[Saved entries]
————————

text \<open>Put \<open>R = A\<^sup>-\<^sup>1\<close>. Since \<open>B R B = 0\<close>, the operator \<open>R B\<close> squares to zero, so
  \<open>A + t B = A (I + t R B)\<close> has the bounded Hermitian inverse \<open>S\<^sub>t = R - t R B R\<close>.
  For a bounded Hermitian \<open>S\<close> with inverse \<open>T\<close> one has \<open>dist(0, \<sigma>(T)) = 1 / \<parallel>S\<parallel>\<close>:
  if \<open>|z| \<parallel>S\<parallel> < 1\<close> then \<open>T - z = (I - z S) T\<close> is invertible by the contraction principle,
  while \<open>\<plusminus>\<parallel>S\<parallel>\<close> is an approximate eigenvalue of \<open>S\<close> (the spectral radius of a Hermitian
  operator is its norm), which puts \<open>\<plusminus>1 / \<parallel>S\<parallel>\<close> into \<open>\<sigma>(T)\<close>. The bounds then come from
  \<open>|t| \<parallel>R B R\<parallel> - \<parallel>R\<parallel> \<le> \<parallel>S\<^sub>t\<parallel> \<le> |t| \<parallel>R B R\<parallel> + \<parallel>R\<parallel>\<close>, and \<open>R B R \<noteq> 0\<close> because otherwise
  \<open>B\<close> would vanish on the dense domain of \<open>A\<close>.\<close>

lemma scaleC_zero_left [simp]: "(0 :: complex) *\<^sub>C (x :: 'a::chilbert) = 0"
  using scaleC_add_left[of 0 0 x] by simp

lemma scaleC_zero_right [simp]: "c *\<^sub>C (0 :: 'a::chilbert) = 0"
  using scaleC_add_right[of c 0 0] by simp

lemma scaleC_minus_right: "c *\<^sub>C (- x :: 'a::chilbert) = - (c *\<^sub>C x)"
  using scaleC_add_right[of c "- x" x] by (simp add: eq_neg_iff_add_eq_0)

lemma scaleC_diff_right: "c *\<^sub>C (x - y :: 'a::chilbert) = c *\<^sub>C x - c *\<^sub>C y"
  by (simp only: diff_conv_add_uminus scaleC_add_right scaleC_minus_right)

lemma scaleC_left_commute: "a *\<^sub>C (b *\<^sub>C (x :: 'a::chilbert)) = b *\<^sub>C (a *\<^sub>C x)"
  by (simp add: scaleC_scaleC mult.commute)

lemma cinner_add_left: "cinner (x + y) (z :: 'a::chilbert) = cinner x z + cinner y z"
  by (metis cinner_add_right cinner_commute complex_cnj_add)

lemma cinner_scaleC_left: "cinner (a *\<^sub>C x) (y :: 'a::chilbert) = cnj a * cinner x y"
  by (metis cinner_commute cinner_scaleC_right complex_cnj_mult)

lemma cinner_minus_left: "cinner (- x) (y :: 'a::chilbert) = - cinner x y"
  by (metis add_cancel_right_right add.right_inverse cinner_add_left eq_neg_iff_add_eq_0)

————————

▶ [Exercise description] Run a filter over the data above and keep each line that contains the word "metis".

▶ [Solution below]
  by (metis cinner_add_right cinner_commute complex_cnj_add)
  by (metis cinner_commute cinner_scaleC_right complex_cnj_mult)
  by (metis add_cancel_right_right add.right_inverse cinner_add_left eq_neg_iff_add_eq_0)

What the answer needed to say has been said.